ANNAPOLIS – Environmentalists were reserved in their opinion of Kendl Philbrick, who Gov. Robert Ehrlich nominated Friday for secretary of the Department of the Environment.
“I think it’s a good nomination,” said Sen. Donald Munson, R-Washington. “I am finding him to be environmentally concerned (and) I am optimistic that his nomination will go through.”
Philbrick, former executive vice president of LMC Properties Inc., has been the acting director of the department since last spring.
Susan Brown, executive director of the Maryland League of Conservation Voters, was less enthusiastic, admonishing the Senate to closely scrutinize Philbrick’s credentials.
“This is an important position,” she said, “and this is a missed opportunity for the government to appoint someone with the environmental experience needed.”
Ehrlich had threatened to make Philbrick the nominee since the Maryland Senate’s rejection of the governor’s first choice, Lynn Buhl, a Michigan administrator, last year.
“The governor using him as threat did not help Mr. Philbrick,” said Sen. Brian Frosh, D-Montgomery.
But, Frosh said, Philbrick had not “disqualified himself” and he would judge the nominee on his own merit.
Brown said the environmental community would monitor the acting chief as their initiatives moved through the legislative process.
She and other conservationists jumped into the legislative session last week: pushing for mass transit projects, energy efficiency and sewage treatment plants improvements and offering solutions to the state’s $800 million fiscal shortfall.
But their agenda may be a tough sell, warned Senate President Thomas V. Mike Miller Jr., D-Calvert, despite the passage of desired energy efficiency standards legislation early this session.
“We’ve got a tough road to hoe with this administration,” Miller said.
The governor’s proposed “flush tax” bill received favorable reviews, however. The $2.50 per customer per month tax would generate funds to upgrade Maryland’s 66 largest sewage treatment plants.
But procuring finances remained the top priority as figures from the Department of Natural Resources and the Department of Environment showed annual environmental spending in the state decreased by more than $154 million between 2002 and 2004.
“Frankly,” said Brown, “the environment can be damaged significantly through the budget process.”
The network of groups offered an environmentally sensitive suite of 11 solutions to cut spending and increase revenues by about $145 million in its “Greening the Budget” report.

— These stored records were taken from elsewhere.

text \<open>Setting: R^n is real^'n; the coordinates are partitioned into player blocks by
  blk :: 'n => 'p (coordinate j belongs to x^nu iff blk j = nu). Player nu has r nu
  constraints c nu i, i < r nu. Partial gradients w.r.t. x^nu are represented as vectors
  in real^'n that vanish outside the block of nu.\<close>

definition partial :: "'n::finite \<Rightarrow> (real^'n \<Rightarrow> real) \<Rightarrow> real^'n \<Rightarrow> real" where
  "partial j f x = frechet_derivative f (at x) (axis j 1)"

definition grad :: "(real^'n::finite \<Rightarrow> real) \<Rightarrow> real^'n \<Rightarrow> real^'n" where
  "grad f x = (\<chi> j. partial j f x)"

definition C1 :: "(real^'n::finite \<Rightarrow> real) \<Rightarrow> bool" where
  "C1 f \<longleftrightarrow> (\<forall>x. f differentiable (at x)) \<and> continuous_on UNIV (grad f)"

definition pgrad :: "('n::finite \<Rightarrow> 'p) \<Rightarrow> 'p \<Rightarrow> (real^'n \<Rightarrow> real) \<Rightarrow> real^'n \<Rightarrow> real^'n" where
  "pgrad blk \<nu> f x = (\<chi> j. if blk j = \<nu> then partial j f x else 0)"

definition pos_lin_dep :: "nat set \<Rightarrow> (nat \<Rightarrow> real^'n::finite) \<Rightarrow> bool" where
  "pos_lin_dep I v \<longleftrightarrow> (\<exists>\<mu>. (\<forall>i\<in>I. \<mu> i \<ge> 0) \<and> (\<exists>i\<in>I. \<mu> i \<noteq> 0) \<and> (\<Sum>i\<in>I. \<mu> i *\<^sub>R v i) = 0)"

definition lin_dep_fam :: "nat set \<Rightarrow> (nat \<Rightarrow> real^'n::finite) \<Rightarrow> bool" where
  "lin_dep_fam I v \<longleftrightarrow> (\<exists>\<mu>. (\<exists>i\<in>I. \<mu> i \<noteq> 0) \<and> (\<Sum>i\<in>I. \<mu> i *\<^sub>R v i) = 0)"
(* Let $n\ge 1$ and let $G=(N,\{\Sigma_i\mid i\in N\},S,o)$ be a game form. Then its $Ł_n$-valued effectivity function $E_G$ is a truly playable $Ł_n$-valued effectivity function.
   Context: For a positive integer $n$ let $Ł_n=\{0,\frac1n,\dots,\frac{n-1}{n},1\}$ with the Łukasiewicz operations $\neg x=1-x$, $x\oplus y=\min(x+y,1)$, $x\odot y=\max(x+y-1,0)$, $x\wedge y=\min(x,y)$, $x\vee y=\max(x,y)$. For a set $S$, the operations are applied to functions in $Ł_n^S$ pointwise; $0,1$ also denote constant functions; $\chi_Y$ is the characteristic function of $Y\subseteq S$. Standing assumptions: $N$ is a finite set of players, $S$ a set of outcome states, $|N|\ge2$, $|S|\ge 2$. Subsets $C\subseteq N$ are coalitions, $\overline C=N\setminus C$. A game form is $G=(N,\{\Sigma_i\mid i\in N\},S,o)$ with nonempty strategy sets $\Sigma_i$ and outcome map $o:\prod_{i\in N}\Sigma_i\to S$; for $\sigma_C\in\prod_{i\in C}\Sigma_i$, $\sigma_{\overline C}\in\prod_{i\in\overline C}\Sigma_i$, $\sigma_C\sigma_{\overline C}$ is the combined profile. The $Ł_n$-valued effectivity function of $G$ is $E_G(C,f)=\max_{\sigma_C}\min_{\sigma_{\overline C}} f(o(\sigma_C\sigma_{\overline C}))$ for $C\subseteq N$, $f\in Ł_n^S$. An $Ł_n$-valued effectivity function is any map $E:\mathcal P N\times Ł_n^S\to Ł_n$. It is: outcome monotonic if $f\ge g$ implies $E(C,f)\ge E(C,g)$ for all $C$; $N$-maximal if $\neg E(\varnothing,\neg f)\le E(N,f)$ for all $f$; superadditive if $E(C_1,f)\wedge E(C_2,g)\le E(C_1\cup C_2,f\wedge g)$ whenever $C_1\cap C_2=\varnothing$; homogeneous if $E(C,f\oplus f)=E(C,f)\oplus E(C,f)$ and $E(C,f\odot f)=E(C,f)\odot E(C,f)$ for all $C,f$; has liveness if $E(C,1)=1$ for all $C$; has safety if $E(C,0)=0$ for all $C$; principal if there is $g\in Ł_n^S$ with $\{f\mid E(\varnothing,f)=1\}=\{f\mid f\ge g\odot\cdots\odot g\ (n\text{ factors})\}$. $E$ is playable if it is outcome monotonic, $N$-maximal, superadditive, homogeneous and has liveness and safety; truly playable if playable and principal. *)

theory Defs
  imports "HOL-Library.FuncSet" Complex_Main
begin
(* Let $N\ge 2$, $m\ge N$, $\theta>0$, and let $\rho_\kappa=\Upsilon(\kappa,\gamma_r,m)$, $\kappa=1,\dots,m$, be request probabilities (nonnegative, summing to $1$) given by a popularity distribution $\Upsilon$ with skew exponent $\gamma_r$. With the caching/request model, operating modes, mode probabilities $\mathcal{P}_\Delta$, transmission probability $\mathcal{P}_{\textup{TX}}$ and interference model described in the context, the success probability of an arbitrary node satisfies \[ \textup{P}_{\rm s}(N,\gamma_r,\theta)=\frac{1}{N}\mathcal{P}_{\textup{hit}}+\sum_{n_t=1}^{N}\left(\mathcal{P}_{\textup{HDRX}}\,\mathcal{L}_{\mathcal{I},\textup{HDRX}}(\theta;n_t)+\mathcal{P}_{\textup{FDTR}}\,\mathcal{L}_{\mathcal{I},\textup{FDTR}}(\theta;n_t)\right)\binom{N}{n_t}\mathcal{P}_{\textup{TX}}^{\,n_t}\left(1-\mathcal{P}_{\textup{TX}}\right)^{N-n_t}, \] where $\mathcal{P}_{\textup{hit}}=\sum_{\kappa=1}^N\rho_\kappa$.
   Context: Caching/request model: users $u_1,\dots,u_N$; $u_\kappa$ caches only content $c_\kappa$ of a library $c_1,\dots,c_m$; each user $u_\mu$ independently requests one content $R_\mu$ with $\Pr(R_\mu=c_\ell)=\rho_\ell$; $K$ is uniform on $\{1,\dots,N\}$ independent of requests. Let $S_\kappa$ be the event that some $u_\mu$, $\mu\ne\kappa$, requests $c_\kappa$. Modes of $u_\kappa$: SR: $R_\kappa=c_\kappa$ and not $S_\kappa$; SR-HDTX: $R_\kappa=c_\kappa$ and $S_\kappa$; FDTR: $R_\kappa=c_\mu$ for some $\mu\ne\kappa$, $\mu\le N$, and $S_\kappa$; HDRX: $R_\kappa=c_\mu$ for some $\mu\ne\kappa$, $\mu\le N$, and not $S_\kappa$; HDTX: $R_\kappa\notin\{c_1,\dots,c_N\}$ and $S_\kappa$. $\mathcal{P}_\Delta$ is the probability that $u_K$ is in mode $\Delta$, and $\mathcal{P}_{\textup{TX}}=\mathcal{P}_{\textup{SR-HDTX}}+\mathcal{P}_{\textup{HDTX}}+\mathcal{P}_{\textup{FDTR}}$. Interference model: fix $\mathcal{R}>0$, $\alpha>2$, $\beta\in[0,1]$. For an integer $n_t\ge1$ and $\delta\in\{\textup{HDRX},\textup{FDTR}\}$, let $\mathbf{x}_0,\mathbf{y}_0,\mathbf{y}_1,\dots,\mathbf{y}_{n_t-1},\mathbf{x}_1,\dots,\mathbf{x}_{n_t-1}$ be independent uniform points in the disk of radius $\mathcal{R}$ centered at the origin, $h_0,h_1,\dots,h_{n_t-1}$ i.i.d. exponential with mean $1$ independent of the points, $Z_0=\|\mathbf{y}_0-\mathbf{x}_0\|$, $Z_i=\|\mathbf{y}_i-\mathbf{x}_i\|$, $W_i=\|\mathbf{y}_i-\mathbf{x}_0\|$, $\mathbbm{1}_\delta=1$ for FDTR and $0$ for HDRX, $\mathcal{I}_\delta=\sum_{i=1}^{n_t-1}(h_iZ_i^\alpha W_i^{-\alpha}+\mathbbm{1}_\delta\beta Z_0^\alpha)$, $\mathtt{SIR}_\delta=h_0/\mathcal{I}_\delta$, and $\mathcal{L}_{\mathcal{I},\delta}(s;n_t)=\mathbb{E}[e^{-s\mathcal{I}_\delta}]$. The number of concurrent transmitters $N_t$ is modeled as Binomial$(N,\mathcal{P}_{\textup{TX}})$. Success probability: $\textup{P}_{\rm s}(N,\gamma_r,\theta)$ is the probability that the arbitrary node $u_K$ either finds its desired content in its own cache (modes SR or SR-HDTX) or is a receiver in mode $\delta\in\{\textup{HDRX},\textup{FDTR}\}$ whose $\mathtt{SIR}_\delta$ (with $n_t=N_t$ transmitters, averaged over $N_t\in\{1,\dots,N\}$ with the binomial weights, the mode being independent of the $\mathtt{SIR}$) is at least $\theta$; i.e. $\textup{P}_{\rm s}=\mathcal{P}_{\textup{SR}}+\mathcal{P}_{\textup{SR-HDTX}}+\sum_{n_t=1}^N\binom{N}{n_t}\mathcal{P}_{\textup{TX}}^{n_t}(1-\mathcal{P}_{\textup{TX}})^{N-n_t}\sum_{\delta}\mathcal{P}_\delta\Pr(\mathtt{SIR}_\delta\ge\theta\mid N_t=n_t)$. *)

theory Defs
  imports "HOL-Probability.Probability"
begin

text \<open>Users are indexed 1..N, contents 1..m; user k caches content k.
  A request profile is a function r with r mu in {1..m} for mu in {1..N}
  (extensional, i.e. an element of PiE).\<close>

datatype mode = SR | SR_HDTX | FDTR | HDRX | HDTX

definition S_ev :: "nat \<Rightarrow> (nat \<Rightarrow> nat) \<Rightarrow> nat \<Rightarrow> bool" where
  "S_ev N r k \<longleftrightarrow> (\<exists>mu\<in>{1..N}. mu \<noteq> k \<and> r mu = k)"

definition in_mode :: "nat \<Rightarrow> (nat \<Rightarrow> nat) \<Rightarrow> nat \<Rightarrow> mode \<Rightarrow> bool" where
  "in_mode N r k d = (case d of
      SR \<Rightarrow> r k = k \<and> \<not> S_ev N r k
    | SR_HDTX \<Rightarrow> r k = k \<and> S_ev N r k
    | FDTR \<Rightarrow> (\<exists>mu\<in>{1..N}. mu \<noteq> k \<and> r k = mu) \<and> S_ev N r k
    | HDRX \<Rightarrow> (\<exists>mu\<in>{1..N}. mu \<noteq> k \<and> r k = mu) \<and> \<not> S_ev N r k
    | HDTX \<Rightarrow> r k \<notin> {1..N} \<and> S_ev N r k)"

text \<open>Probability that u_K is in mode d: K uniform on {1..N}, requests independent
  with law rho on {1..m}.\<close>
definition mode_prob :: "nat \<Rightarrow> nat \<Rightarrow> (nat \<Rightarrow> real) \<Rightarrow> mode \<Rightarrow> real" where
  "mode_prob N m rho d =
     (1 / real N) * (\<Sum>k\<in>{1..N}. \<Sum>r\<in>PiE {1..N} (\<lambda>_. {1..m}).
        (\<Prod>mu\<in>{1..N}. rho (r mu)) * (if in_mode N r k d then 1 else 0))"

definition P_TX :: "nat \<Rightarrow> nat \<Rightarrow> (nat \<Rightarrow> real) \<Rightarrow> real" where
  "P_TX N m rho = mode_prob N m rho SR_HDTX + mode_prob N m rho HDTX + mode_prob N m rho FDTR"

text \<open>Points in the plane are complex numbers. Sample point (xs, ys, hs) with
  xs i, ys i uniform in the disk (x_0 = xs 0, y_0 = ys 0) and hs i Exp(1),
  all independent, for i < n_t.\<close>

definition disk_unif :: "real \<Rightarrow> complex measure" where
  "disk_unif Rr = uniform_measure lborel (cball 0 Rr)"

definition exp1 :: "real measure" where
  "exp1 = density lborel (exponential_density 1)"

definition intf_space :: "real \<Rightarrow> nat \<Rightarrow>
    ((nat \<Rightarrow> complex) \<times> (nat \<Rightarrow> complex) \<times> (nat \<Rightarrow> real)) measure" where
  "intf_space Rr nt = (PiM {0..<nt} (\<lambda>_. disk_unif Rr)) \<Otimes>\<^sub>M
     ((PiM {0..<nt} (\<lambda>_. disk_unif Rr)) \<Otimes>\<^sub>M (PiM {0..<nt} (\<lambda>_. exp1)))"

definition interference :: "real \<Rightarrow> real \<Rightarrow> mode \<Rightarrow> nat \<Rightarrow>
    (nat \<Rightarrow> complex) \<times> (nat \<Rightarrow> complex) \<times> (nat \<Rightarrow> real) \<Rightarrow> real" where
  "interference \<alpha> \<beta> d nt \<omega> = (case \<omega> of (xs, ys, hs) \<Rightarrow>
     (\<Sum>i\<in>{1..<nt}. hs i * (cmod (ys i - xs i)) powr \<alpha> * (cmod (ys i - xs 0)) powr (- \<alpha>)
        + (if d = FDTR then 1 else 0) * \<beta> * (cmod (ys 0 - xs 0)) powr \<alpha>))"

definition SIR :: "real \<Rightarrow> real \<Rightarrow> mode \<Rightarrow> nat \<Rightarrow>
    (nat \<Rightarrow> complex) \<times> (nat \<Rightarrow> complex) \<times> (nat \<Rightarrow> real) \<Rightarrow> ereal" where
  "SIR \<alpha> \<beta> d nt \<omega> = (let I = interference \<alpha> \<beta> d nt \<omega> in
     if I = 0 then \<infinity> else ereal (snd (snd \<omega>) 0 / I))"

definition cov_prob :: "real \<Rightarrow> real \<Rightarrow> real \<Rightarrow> mode \<Rightarrow> real \<Rightarrow> nat \<Rightarrow> real" where
  "cov_prob Rr \<alpha> \<beta> d \<theta> nt =
     measure (intf_space Rr nt) {\<omega> \<in> space (intf_space Rr nt). SIR \<alpha> \<beta> d nt \<omega> \<ge> ereal \<theta>}"
lemma kbp_action_eq_Decide_iff:
  "kbp_action P \<Phi> i r m = Decide v \<longleftrightarrow>
     \<not> decided_before P i r m \<and> \<Phi> i v r m \<and> (\<forall>w. \<Phi> i w r m \<longrightarrow> v \<le> w)"
proof -
  have "(LEAST v. \<Phi> i v r m) = u" if "\<Phi> i u r m" "\<forall>w. \<Phi> i w r m \<longrightarrow> u \<le> w" for u
    using that by (intro Least_equality) auto
  then show ?thesis
    unfolding kbp_action_def decided_before_def by (auto intro: order.antisym)
qed

lemma kbp_action_eq_Noop_imp_decided_before:
  assumes "kbp_action P \<Phi> i r m = Noop" "\<Phi> i v r m" "finite {w. \<Phi> i w r m}"
  shows "decided_before P i r m"
proof (rule ccontr)
  let ?C = "{w. \<Phi> i w r m}"
  assume "\<not> decided_before P i r m"
  moreover have "Min ?C \<in> ?C" "\<forall>w \<in> ?C. Min ?C \<le> w"
    using assms(2,3) Min_in[of ?C] by auto
  ultimately have "kbp_action P \<Phi> i r m = Decide (Min ?C)"
    unfolding kbp_action_eq_Decide_iff by simp
  with assms(1) show False by simp
qed

lemma implements_Decide_iff:
  assumes "implements P \<Phi> E F" "r \<in> runs P E F"
  shows "P i (rloc r m i) = Decide v \<longleftrightarrow>
           \<not> decided_before P i r m \<and> \<Phi> i v r m \<and> (\<forall>w. \<Phi> i w r m \<longrightarrow> v \<le> w)"
  using assms kbp_action_eq_Decide_iff unfolding implements_def by metis

lemma implements_decides_at_most_once:
  assumes "implements P \<Phi> E F" "r \<in> runs P E F"
    and "P i (rloc r m i) = Decide v" "P i (rloc r m' i) = Decide v'"
  shows "m = m'"
proof (rule ccontr)
  assume "m \<noteq> m'"
  then have "decided_before P i r m \<or> decided_before P i r m'"
    using assms(3,4) unfolding decided_before_def by (metis linorder_neq_iff)
  then show False
    using assms implements_Decide_iff by metis
qed

lemma implements_decided_by:
  assumes "implements P \<Phi> E F" "r \<in> runs P E F"
    and "\<Phi> i v r m" "finite {w. \<Phi> i w r m}"
  shows "\<exists>m' \<le> m. \<exists>v. P i (rloc r m' i) = Decide v"
proof (cases "P i (rloc r m i)")
  case Noop
  then have "kbp_action P \<Phi> i r m = Noop"
    using assms(1,2) unfolding implements_def by metis
  then have "decided_before P i r m"
    using assms(3,4) by (rule kbp_action_eq_Noop_imp_decided_before)
  then show ?thesis
    unfolding decided_before_def by (meson less_imp_le)
qed blast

Chairwoman of the Senate’s Education, Health and Environmental Affairs Committee Paula C. Hollinger, D-Baltimore County, said the ideas were worthy of examination.
“I give the environmental consortium credit for getting together in a tight budget year and coming up with ways to not only help the environment but help us deal with the budget,” she said.
The proposed measures included closing tax loopholes; ending hidden subsidies by making corporations, not taxpayers, underwrite the costs of pollution; and eliminating Ehrlich’s proposed $1.7 billion Inter-county Connector, planned to connect Interstates 95 and 270.
“I don’t anticipate that the governor will agree that the ICC is something that will be taken off the legislative agenda,” Brown said, though the project was not included on a preview of Ehrlich’s legislative initiatives.
Conservationists deemed the 18-mile highway “wasteful” and instead plan to lobby for the development of the Purple Line, an addition to the Metro system that will run parallel to the Capital Beltway between Bethesda and New Carrollton, and of the Baltimore Rail Plan.
Energy conservation also remained a leading concern.
House Speaker Michael E. Busch, D-Anne Arundel, invited legislators to make the environment a “non-partisan issue,” and announced plans to offer renewable portfolio standards legislation.
“We believe the energy efficiency policies should be put in place as soon as possible,” he said.
It is not yet clear how Philbrick’s nomination will factor in the progress of these environmental initiatives, and it may not yet be a matter of concern.
“It’s at the point where we’re focusing our energy on the very important legislation on the agenda and not on the issue of appointments,” said Theresa Pierno, a vice president at the Chesapeake Bay Foundation. “That will really sideline our energies.”